Thread Tools Search this Thread Display Modes
Old 12th January 2023, 21:29   #141  |  Link
rwill
Registered User
 
Join Date: Dec 2013
Posts: 343
Quote:
Originally Posted by FranceBB View Post
m6i.4xlarge 16c/16th AVX-512 CPU + OpenCL GPU
1h 03m
Which GPU is available in an m6i.4xlarge instance ?
rwill is offline   Reply With Quote
Old 12th January 2023, 23:16   #142  |  Link
FranceBB
Broadcast Encoder
 
FranceBB's Avatar
 
Join Date: Nov 2013
Location: Royal Borough of Kensington & Chelsea, UK
Posts: 2,883
Quote:
Originally Posted by rwill View Post
Which GPU is available in an m6i.4xlarge instance ?
Since everything you run through AWS is virtualized (unless you specifically require bare metal), it's hard to know, but I believe they're running an NVIDIA Tesla M6 8GB GDDR5.
FranceBB is offline   Reply With Quote
Old 17th January 2023, 18:52   #143  |  Link
benwaggoner
Moderator
 
Join Date: Jan 2006
Location: Portland, OR
Posts: 4,750
Quote:
Originally Posted by FranceBB View Post
I actually tested again but this time on Amazon AWS machines.

m6i.4xlarge 16c/16th AVX-512 CPU Only
1h 24m

m6i.4xlarge 16c/16th AVX-512 CPU + OpenCL GPU
1h 03m
...
adding --opencl saved around 20 min compared to not adding it.
So... yeah, it still makes sense to have it on.
Yeah, that follows the "about a 20% speedup" rule of thumb.

That said, a c6a.4xlarge (AMD EPYC 7R13) may well offer the same performance software-only at a lower per-hour instance cost.
__________________
Ben Waggoner
Principal Video Specialist, Amazon Prime Video

My Compression Book
benwaggoner is offline   Reply With Quote
Old 10th February 2023, 11:36   #144  |  Link
DTL
Registered User
 
Join Date: Jul 2018
Posts: 1,041
Quote:
Originally Posted by LoRd_MuldeR View Post
Probably there simply are no "high bit-depth" functions that would benefit from AVX-512 instructions, or at least nobody nobody cared enough about AVX-512 to figure it out
As from old intel whitepaper from start of x265 at the start of 201x - https://www.intel.com/content/dam/de...265-avx512.pdf

The >8bit MPEGs more benefit from AVX512 because it uses 2x wider computing of source and result and immediate numbers (16bit for src and out and 32bit immediate) in compare with 8bit MPEGs (8bit src and out and 16bit immediate possible). Median performance boost from AVX512 over AVX2 is about 40% at 'processing kernels' of MPEG encoder.

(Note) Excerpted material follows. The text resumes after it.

(* Let $\mathcal G$ be a groupoid (standing conventions) admitting a Følner sequence $\mathcal S=(S_n)_{n\in\mathbb N}$, and let $A\subseteq\mathcal G^{(0)}$ be compact open. Then there exists $\nu\in M(\mathcal G)$ such that $\bar D^+_{\mathcal S}(A)=\nu(A)$; in particular $\bar D^+_{\mathcal S}(A)\le\sup_{\mu\in M(\mathcal G)}\mu(A)$.
   Context: Standing conventions: a groupoid is a $\sigma$-compact, locally compact, Hausdorff, étale, ample groupoid $\mathcal G$ with compact unit space $\mathcal G^{(0)}$. For $A,B\subseteq\mathcal G$, $AB$ denotes composable products and $Au=\{a\in A:s(a)=u\}$. A multisection is a finite family $\{C_{i,j}:i,j\in F\}$ of bisections with $C_{i,j}C_{j,k}=C_{i,k}$ and pairwise disjoint levels $C_{i,i}\subseteq\mathcal G^{(0)}$. A normal set is a compact open $S\subseteq\mathcal G$ together with compact open multisections $\{C^l_{i,j}:i,j\in F_l\}$, $l=1,\dots,m$, and indices $i_l\in F_l$ with $S=\bigcup_{l=1}^m\bigsqcup_{i\in F_l}C^l_{i,i_l}$ and $\mathcal G^{(0)}=\bigsqcup_{l=1}^mC^l_{i_l,i_l}$ (so $r$ is injective on each $Su$). A Følner sequence is a sequence $(S_n)$ of normal sets such that for every compact $K$, $\sup_{u\in\mathcal G^{(0)}}|KS_nu\setminus S_nu|/|S_nu|\to0$. $M(\mathcal G)$ is the set of $\mathcal G$-invariant Borel probability measures on $\mathcal G^{(0)}$. For $A\subseteq\mathcal G^{(0)}$, $\bar D^+_{\mathcal S}(A)=\limsup_{n\to\infty}\sup_{u\in\mathcal G^{(0)}}\frac{1}{|S_nu|}\sum_{\gamma\in S_nu}1_A(r(\gamma))$. *)

theory Defs
  imports "HOL-Analysis.Analysis" "HOL-Probability.Probability"
begin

But 10bit x264 looks never was interested for major usage and no developers resources were for design either wider AVX512 computing for existed x264 architecture (SIMD 'workunit' size of 512 bytes max for AVX2 register file) or even much more complex design separate brunch of 4x enlarged 'workunit' size for 2048 bytes register file for AVX512 x64 environment. And that AVX512 brunch will only be executed faster on rare exist at endusers AVX512 environment in prevoius years. And no rich investor put some grant to support AVX512 redesign of x264 (to use in some possible commertials).

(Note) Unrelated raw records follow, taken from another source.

(* Fix an MDP $M$ and a layer $h\in[H]$. Suppose we have a sequence of functions $g^{(1)},\dots,g^{(T)}:\mathcal{X}\times\mathcal{A}\to[0,B]$ and policies $\pi^{(1)},\dots,\pi^{(T)}\in\Pi$ such that for all $t\in[T]$, $\sum_{i<t}\mathbb{E}^{M,\pi^{(i)}}[(g^{(t)}(x_h,a_h))^2]\le\beta^2$. Then $$\sum_{t=1}^T\mathbb{E}^{M,\pi^{(t)}}[g^{(t)}(x_h,a_h)]\le 2(C^M_{1;h})^{1/3}(\beta^2B+B^3)^{1/3}T^{2/3}.$$
   Context: Episodic MDP $M$ over countable $\mathcal{X}$, actions $\mathcal{A}$, horizon $H$; $\Pi\subseteq\Pi_{\mathrm{RNS}}$ a policy class; $d^{M,\pi}_h(x,a)$ the layer-$h$ occupancy; $C^M_{1;h}=\inf_{\mu\in\Delta(\mathcal{X}\times\mathcal{A})}\sup_{\pi\in\Pi}\mathbb{E}^{M,\pi}\big[\frac{d^{M,\pi}_h(x_h,a_h)}{\mu(x_h,a_h)}\big]$. *)

theory Defs
  imports "HOL-Probability.Probability"
begin

text \<open>Episodic MDP over a countable state space 'x and action space 'a.
  Layers are numbered 1..H.  trans h x a is the law of x_{h+1} given (x_h,a_h)=(x,a).\<close>
record ('x, 'a) mdp =
  init  :: "'x pmf"
  trans :: "nat \<Rightarrow> 'x \<Rightarrow> 'a \<Rightarrow> 'x pmf"

type_synonym ('x, 'a) policy = "nat \<Rightarrow> 'x \<Rightarrow> 'a pmf"

text \<open>state_dist M p n = law of x_{n+1} under M and p.\<close>
primrec state_dist :: "('x, 'a) mdp \<Rightarrow> ('x, 'a) policy \<Rightarrow> nat \<Rightarrow> 'x pmf" where
  "state_dist M p 0 = init M"
| "state_dist M p (Suc n) =
     bind_pmf (state_dist M p n)
       (\<lambda>x. bind_pmf (p (Suc n) x) (\<lambda>a. trans M (Suc n) x a))"

text \<open>Layer-h occupancy d^{M,p}_h (h >= 1): law of (x_h, a_h).\<close>
definition occ :: "('x, 'a) mdp \<Rightarrow> ('x, 'a) policy \<Rightarrow> nat \<Rightarrow> ('x \<times> 'a) pmf" where
  "occ M p h = bind_pmf (state_dist M p (h - 1)) (\<lambda>x. map_pmf (\<lambda>a. (x, a)) (p h x))"

definition expect :: "('x, 'a) mdp \<Rightarrow> ('x, 'a) policy \<Rightarrow> nat \<Rightarrow> ('x \<times> 'a \<Rightarrow> real) \<Rightarrow> real" where
  "expect M p h f = measure_pmf.expectation (occ M p h) f"

text \<open>Coverability coefficient C^M_{1;h} (as an extended nonnegative real; a ratio with
  mu = 0 and d > 0 is +infinity).\<close>
definition cov1 :: "('x, 'a) mdp \<Rightarrow> ('x, 'a) policy set \<Rightarrow> nat \<Rightarrow> ennreal" where
  "cov1 M PP h = (INF mu :: ('x \<times> 'a) pmf. SUP p \<in> PP.
      \<integral>\<^sup>+ z. ennreal (pmf (occ M p h) z) / ennreal (pmf mu z) \<partial>(measure_pmf (occ M p h)))"

end

theory Submission
  imports Defs
begin

text \<open>Write \<open>d\<^sub>t\<close> for the occupancy of round \<open>t\<close>, \<open>W\<^sub>t = d\<^sub>1 + \<dots> + d\<^sub>t\<close> for the cumulative
  occupancy, and fix a reference distribution \<open>\<mu>\<close> whose coverage ratio is at most \<open>C\<close> for every
  policy. At a pair \<open>z\<close>, round \<open>t\<close> is a burn-in round while \<open>W\<^sub>t(z) < \<lambda> \<mu>(z)\<close>; these rounds
  carry total occupancy below \<open>\<lambda> \<mu>(z)\<close>, hence contribute at most \<open>B \<lambda>\<close> overall. In the
  remaining rounds AM-GM with weight \<open>s W\<^sub>t(z) \<ge> s \<lambda> \<mu>(z)\<close> gives
  \<open>d\<^sub>t g\<^sub>t \<le> d\<^sub>t\<^sup>2 / (2 s \<lambda> \<mu>) + (s/2) W\<^sub>t g\<^sub>t\<^sup>2\<close>: summed over \<open>z\<close>, the first term is the
  coverage ratio divided by \<open>2 s \<lambda>\<close>, and the second is \<open>s/2\<close> times the square loss of \<open>g\<^sub>t\<close>
  under the policies up to round \<open>t\<close>, at most \<open>\<beta>\<^sup>2 + B\<^sup>2\<close>. Balancing \<open>\<lambda>\<close> and \<open>s\<close> gives the
  cube-root bound for every \<open>C\<close> above the coverability coefficient, and the coefficient itself is
  reached in the limit, as the infimum over \<open>\<mu>\<close> need not be attained.\<close>

lemma ennreal_expectation_pmf:
  fixes p :: "'z pmf"
  assumes "\<And>z. 0 \<le> f z" "\<And>z. f z \<le> K"
  shows "ennreal (measure_pmf.expectation p f) = (\<integral>\<^sup>+ z. ennreal (pmf p z * f z) \<partial>count_space UNIV)"
proof -
  have "integrable (measure_pmf p) f"
    by (rule measure_pmf.integrable_const_bound[of _ K]) (use assms in auto)
  then have "ennreal (measure_pmf.expectation p f) = (\<integral>\<^sup>+ z. ennreal (f z) \<partial>measure_pmf p)"
    using assms by (simp add: nn_integral_eq_integral)
  then show ?thesis
    by (simp add: nn_integral_measure_pmf ennreal_mult')
qed

lemma nn_integral_sum_pmf_mult:
  fixes p :: "'i \<Rightarrow> 'z pmf"
  assumes "finite I" "\<And>z. 0 \<le> f z" "\<And>z. f z \<le> K"
  shows "(\<integral>\<^sup>+ z. ennreal ((\<Sum>i\<in>I. pmf (p i) z) * f z) \<partial>count_space UNIV)
       = ennreal (\<Sum>i\<in>I. measure_pmf.expectation (p i) f)"
proof -
  have "(\<integral>\<^sup>+ z. ennreal ((\<Sum>i\<in>I. pmf (p i) z) * f z) \<partial>count_space UNIV)
      = (\<integral>\<^sup>+ z. (\<Sum>i\<in>I. ennreal (pmf (p i) z * f z)) \<partial>count_space UNIV)"
    by (subst sum_ennreal) (use assms(2) in \<open>auto simp: sum_distrib_right\<close>)
  also have "\<dots> = (\<Sum>i\<in>I. \<integral>\<^sup>+ z. ennreal (pmf (p i) z * f z) \<partial>count_space UNIV)"
    by (rule nn_integral_sum) simp
  also have "\<dots> = (\<Sum>i\<in>I. ennreal (measure_pmf.expectation (p i) f))"
    by (intro sum.cong refl ennreal_expectation_pmf[of f K, symmetric]) (use assms in auto)
  also have "\<dots> = ennreal (\<Sum>i\<in>I. measure_pmf.expectation (p i) f)"
    using assms(2) by (simp add: sum_ennreal integral_nonneg)
  finally show ?thesis .
qed

lemma nn_integral_cumulative_square_le:
  fixes p :: "nat \<Rightarrow> 'z pmf"
  assumes f: "\<And>z. 0 \<le> f z \<and> f z \<le> B"
    and past: "(\<Sum>i\<in>{1..<t}. measure_pmf.expectation (p i) (\<lambda>z. (f z)\<^sup>2)) \<le> b"
    and t: "1 \<le> t"
  shows "(\<integral>\<^sup>+ z. ennreal ((\<Sum>i\<in>{1..t}. pmf (p i) z) * (f z)\<^sup>2) \<partial>count_space UNIV) \<le> ennreal (b + B\<^sup>2)"
proof -
  have sq: "0 \<le> (f z)\<^sup>2" "(f z)\<^sup>2 \<le> B\<^sup>2" for z
    using f[of z] by (auto simp: power_mono)
  have "(\<Sum>i\<in>{1..t}. measure_pmf.expectation (p i) (\<lambda>z. (f z)\<^sup>2))
      = (\<Sum>i\<in>{1..<t}. measure_pmf.expectation (p i) (\<lambda>z. (f z)\<^sup>2))
        + measure_pmf.expectation (p t) (\<lambda>z. (f z)\<^sup>2)"
    using t by (simp flip: atLeastLessThanSuc_atLeastAtMost)
  also have "\<dots> \<le> b + B\<^sup>2"
    using past sq
    by (intro add_mono measure_pmf.integral_le_const measure_pmf.integrable_const_bound[of _ "B\<^sup>2"]) auto
  finally show ?thesis
    using sq by (simp add: nn_integral_sum_pmf_mult[where K = "B\<^sup>2"] ennreal_leI)
qed

lemma nn_integral_cmult_coverage_le:
  fixes p mu :: "'z pmf"
  assumes "(\<integral>\<^sup>+ z. ennreal (pmf p z) / ennreal (pmf mu z) \<partial>measure_pmf p) \<le> ennreal C"
    and "0 < a"
  shows "(\<integral>\<^sup>+ z. ennreal (1 / a) * (ennreal (pmf p z) * (ennreal (pmf p z) / ennreal (pmf mu z)))
      \<partial>count_space UNIV) \<le> ennreal (C / a)"
proof -
  have "(\<integral>\<^sup>+ z. ennreal (1 / a) * (ennreal (pmf p z) * (ennreal (pmf p z) / ennreal (pmf mu z)))
      \<partial>count_space UNIV)
      = ennreal (1 / a) * (\<integral>\<^sup>+ z. ennreal (pmf p z) / ennreal (pmf mu z) \<partial>measure_pmf p)"
    by (simp add: nn_integral_cmult nn_integral_measure_pmf)
  also have "\<dots> \<le> ennreal (1 / a) * ennreal C"
    using assms(1) by (rule mult_left_mono) simp
  also have "\<dots> = ennreal (C / a)"
    using assms(2) by (simp flip: ennreal_mult')
  finally show ?thesis .
qed

lemma sum_if_partial_sum_less_le_min:
  fixes a :: "nat \<Rightarrow> real"
  assumes "\<And>i. 0 \<le> a i" "0 \<le> c"
  shows "(\<Sum>t\<in>{1..T}. if (\<Sum>i\<in>{1..t}. a i) < c then a t else 0) \<le> min (\<Sum>i\<in>{1..T}. a i) c"
proof (induction T)
  case 0
  then show ?case using assms by simp
next
  case (Suc T)
  then show ?case using assms(1)[of "Suc T"] by (auto simp: min_def split: if_splits)
qed

lemma mult_le_sq_div_plus_sq:
  fixes x y r :: real
  assumes "0 < r"
  shows "x * y \<le> x\<^sup>2 / (2 * r) + r / 2 * y\<^sup>2"
proof -
  have "0 \<le> (x - r * y)\<^sup>2 / (2 * r)" using assms by simp
  also have "\<dots> = x\<^sup>2 / (2 * r) + r / 2 * y\<^sup>2 - x * y"
    using assms by (simp add: field_simps power2_eq_square)
  finally show ?thesis by simp
qed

When some company start project from AVX512 hardware it can invest in pro programmers to design software solution for target platform and use all benefits of AVX512 environment. Splitting problem chunks to 'large workunit' size up to 2048 bytes with best processing performance at AVX512 platform. Also using alignment of workunits addressing to 64bytes cacheline size for fastest transfer to and from AVX512 register file and dispatch ports. And freeware opensource developers for multiplatform development typically making C-reference solutions to rely on compiler vectorization is possible and may limit 'workunit size' of algorithm to smaller wider used by endusers platforms because it works faster on small register file chips (less reloads from cache). So practically when opensource developers design and profile for best performance some computing algorithms at cheap old platforms with small sized register file (128 or 256 bytes for SSE(2) and AVX(2)) they actually optimize algorithm to run only at small register file sized platforms. And resources of high-cost in the past AVX512 platforms left underused. Full optimizing for AVX512 includes both usage of 2x wider execution ports (and some more faster instructions) and 2x sized datawords transfer and usage of 4x larger register file increasing processed 'workunit' size. And changing 'workunit' size may need the significant redesign of software (like processing 4 blocks in single pass instead of 1 block at AVX2 and so on).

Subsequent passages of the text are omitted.